On the night of December 9, cyber-criminals breached multiple content management systems to gain access to 22 different websites operated by Lithuania's public sector. The attackers then published articles containing misinformation on the sites.

Among the fake news posted by the threat actors was a story that alleged a Polish diplomat, carrying illegal drugs, weapons, and money, had been detained at the Lithuanian border. This fictitious story was shared on the website of the State Border Guard Service (VSAT). 

Another article claimed that corruption had been uncovered in the Šiauliai airport, where NATO’s Baltic air-policing mission is housed.

A third piece of misinformation promulgated in the attack inflated figures to make it appear as though more Lithuanians had been drafted into the military than was the case.  

An investigation into the attack by the Defense Ministry’s National Cyber Security Centre (NKSC) found that the websites targeted by the attackers were mostly run by regional municipalities. 

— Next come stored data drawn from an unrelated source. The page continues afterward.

lemma bounded_op_L2_AE_cong:
  assumes K: "bounded_op_L2 \<pi> K" and f: "square_integrable (piM \<pi>) f" and g: "square_integrable (piM \<pi>) g"
    and fg: "AE x in piM \<pi>. f x = g x"
  shows "AE x in piM \<pi>. K f x = K g x"
proof -
  obtain C where "C > 0" and C: "\<And>f g. square_integrable (piM \<pi>) f \<Longrightarrow> square_integrable (piM \<pi>) g \<Longrightarrow>
    L2_norm (piM \<pi>) (\<lambda>x. K f x - K g x) \<le> C * L2_norm (piM \<pi>) (\<lambda>x. f x - g x)"
    using bounded_op_L2_LipschitzE[OF K] by blast
  have "(\<lambda>x. f x - g x) \<in> borel_measurable (piM \<pi>)"
    by (intro square_integrable_measurable square_integrable_diff f g)
  then have "L2_norm (piM \<pi>) (\<lambda>x. f x - g x) = L2_norm (piM \<pi>) (\<lambda>x. 0)"
    by (rule L2_norm_cong_AE) (use fg in auto)
  then have "L2_norm (piM \<pi>) (\<lambda>x. f x - g x) = 0" by (simp add: L2_norm_def)
  then have "L2_norm (piM \<pi>) (\<lambda>x. K f x - K g x) = 0"
    using C[OF f g] L2_norm_nonneg[of "piM \<pi>" "\<lambda>x. K f x - K g x"] by simp
  then have "AE x in piM \<pi>. K f x - K g x = 0"
    by (intro L2_norm_eq_0_imp_AE_0 square_integrable_diff bounded_op_L2_square_integrable[OF K] f g)
  then show ?thesis by simp
qed

lemma bounded_op_L2_comp:
  assumes K: "bounded_op_L2 \<pi> K" and B: "bounded_op_L2 \<pi> B"
  shows "bounded_op_L2 \<pi> (\<lambda>f. K (B f))"
proof -
  obtain C1 where "C1 > 0" and C1: "\<And>f. square_integrable (piM \<pi>) f \<Longrightarrow> L2_norm (piM \<pi>) (K f) \<le> C1 * L2_norm (piM \<pi>) f"
    using bounded_op_L2_normE[OF K] by blast
  obtain C2 where C2: "\<And>f. square_integrable (piM \<pi>) f \<Longrightarrow> L2_norm (piM \<pi>) (B f) \<le> C2 * L2_norm (piM \<pi>) f"
    using bounded_op_L2_normE[OF B] by blast
  note K_sq = bounded_op_L2_square_integrable[OF K] and B_sq = bounded_op_L2_square_integrable[OF B]
  show ?thesis
  proof (rule bounded_op_L2I[where C="C1 * C2"])
    fix f assume f: "square_integrable (piM \<pi>) f"
    show "square_integrable (piM \<pi>) (K (B f))" by (intro K_sq B_sq f)
    have "L2_norm (piM \<pi>) (K (B f)) \<le> C1 * L2_norm (piM \<pi>) (B f)" by (intro C1 B_sq f)
    also have "\<dots> \<le> C1 * (C2 * L2_norm (piM \<pi>) f)" using C2[OF f] \<open>C1 > 0\<close> by simp
    finally show "L2_norm (piM \<pi>) (K (B f)) \<le> C1 * C2 * L2_norm (piM \<pi>) f" by simp
  next
    fix f g c assume f: "square_integrable (piM \<pi>) f" and g: "square_integrable (piM \<pi>) g"
    have "AE x in piM \<pi>. K (B (\<lambda>y. c * f y + g y)) x = K (\<lambda>y. c * B f y + B g y) x"
      by (intro bounded_op_L2_AE_cong[OF K] B_sq square_integrable_lincomb f g bounded_op_L2_linear_AE[OF B])
    moreover have "AE x in piM \<pi>. K (\<lambda>y. c * B f y + B g y) x = c * K (B f) x + K (B g) x"
      by (intro bounded_op_L2_linear_AE[OF K] B_sq f g)
    ultimately show "AE x in piM \<pi>. K (B (\<lambda>y. c * f y + g y)) x = c * K (B f) x + K (B g) x"
      by eventually_elim simp
  qed
qed

lemma bounded_op_L2_lincomb:
  assumes K1: "bounded_op_L2 \<pi> K1" and K2: "bounded_op_L2 \<pi> K2"
  shows "bounded_op_L2 \<pi> (\<lambda>f x. K1 f x + d * K2 f x)"
proof -
  obtain C1 where C1: "\<And>f. square_integrable (piM \<pi>) f \<Longrightarrow> L2_norm (piM \<pi>) (K1 f) \<le> C1 * L2_norm (piM \<pi>) f"
    using bounded_op_L2_normE[OF K1] by blast
  obtain C2 where C2: "\<And>f. square_integrable (piM \<pi>) f \<Longrightarrow> L2_norm (piM \<pi>) (K2 f) \<le> C2 * L2_norm (piM \<pi>) f"
    using bounded_op_L2_normE[OF K2] by blast
  show ?thesis
  proof (rule bounded_op_L2I[where C="C1 + \<bar>d\<bar> * C2"])
    fix f assume f: "square_integrable (piM \<pi>) f"
    have Kf: "square_integrable (piM \<pi>) (K1 f)" "square_integrable (piM \<pi>) (K2 f)"
      using f by (auto intro: bounded_op_L2_square_integrable[OF K1] bounded_op_L2_square_integrable[OF K2])
    then show "square_integrable (piM \<pi>) (\<lambda>x. K1 f x + d * K2 f x)"
      by (intro square_integrable_add square_integrable_cmult)
    have "L2_norm (piM \<pi>) (\<lambda>x. K1 f x + d * K2 f x) \<le> L2_norm (piM \<pi>) (K1 f) + \<bar>d\<bar> * L2_norm (piM \<pi>) (K2 f)"
      using L2_norm_triangle[OF Kf(1) square_integrable_cmult[OF Kf(2)]] by (simp add: L2_norm_cmult)
    also have "\<dots> \<le> C1 * L2_norm (piM \<pi>) f + \<bar>d\<bar> * (C2 * L2_norm (piM \<pi>) f)"
      using C1[OF f] C2[OF f] by (intro add_mono mult_left_mono) auto
    finally show "L2_norm (piM \<pi>) (\<lambda>x. K1 f x + d * K2 f x) \<le> (C1 + \<bar>d\<bar> * C2) * L2_norm (piM \<pi>) f"
      by (simp add: algebra_simps)
  next
    fix f g c assume f: "square_integrable (piM \<pi>) f" and g: "square_integrable (piM \<pi>) g"
    from bounded_op_L2_linear_AE[OF K1 f g, of c] bounded_op_L2_linear_AE[OF K2 f g, of c]
    show "AE x in piM \<pi>. K1 (\<lambda>y. c * f y + g y) x + d * K2 (\<lambda>y. c * f y + g y) x =
        c * (K1 f x + d * K2 f x) + (K1 g x + d * K2 g x)"
      by eventually_elim (simp add: algebra_simps)
  qed
qed

lemma bounded_op_L2_add:
  "bounded_op_L2 \<pi> K1 \<Longrightarrow> bounded_op_L2 \<pi> K2 \<Longrightarrow> bounded_op_L2 \<pi> (\<lambda>f x. K1 f x + K2 f x)"
  using bounded_op_L2_lincomb[of \<pi> K1 K2 1] by simp

lemma bounded_op_L2_diff:
  "bounded_op_L2 \<pi> K1 \<Longrightarrow> bounded_op_L2 \<pi> K2 \<Longrightarrow> bounded_op_L2 \<pi> (\<lambda>f x. K1 f x - K2 f x)"
  using bounded_op_L2_lincomb[of \<pi> K1 K2 "-1"] by simp

lemma bounded_op_L2_funpow: "bounded_op_L2 \<pi> K \<Longrightarrow> bounded_op_L2 \<pi> (K ^^ n)"
proof (induction n)
  case 0
  show ?case by (simp add: bounded_op_L2I[where C=1])
next
  case (Suc n)
  then show ?case using bounded_op_L2_comp[of \<pi> K "K ^^ n"] by (simp add: comp_def)
qed

lemma bounded_op_L2_mult:
  assumes "h \<in> borel_measurable lborel" and "\<And>x. \<bar>h x\<bar> \<le> B"
  shows "bounded_op_L2 \<pi> (\<lambda>f x. h x * f x)"
  using assms square_integrable_mult_bounded[of "piM \<pi>" _ h B]
  by (intro bounded_op_L2I[where C=B]) (auto simp: algebra_simps)

lemma bounded_op_L2_mult_indicator:
  assumes "A \<in> sets borel"
  shows "bounded_op_L2 \<pi> (\<lambda>f x. indicator A x * f x)"
  using assms by (intro bounded_op_L2_mult[where B=1]) (auto split: split_indicator)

In a statement published on Wednesday, Lithuania's defense minister, Arvydas Anušauskas, described the digital assault as one of the "biggest and most complex" cyber-attacks to hit the republic in recent years. 

Anušauskas added that the attack, which took place “on the eve of the government’s transition [...] was prepared in advance and with a goal in mind.” 

After hacking into the systems and posting the false articles, the attackers launched an email spoofing campaign to spread the misinformation as far as possible. The attackers impersonated the defense and foreign ministries as well as the Šiauliai Municipality Administration to send out emails containing links to the fallacious stories. 

“This shows huge gaps in cybersecurity of the public sector,” said Anušauskas.

Following the attack, the NKSC has submitted a number of cybersecurity recommendations to municipalities. These include actively searching for vulnerabilities, limiting access to content management systems, installing a firewall, and avoiding the use of passwords that are easy to guess.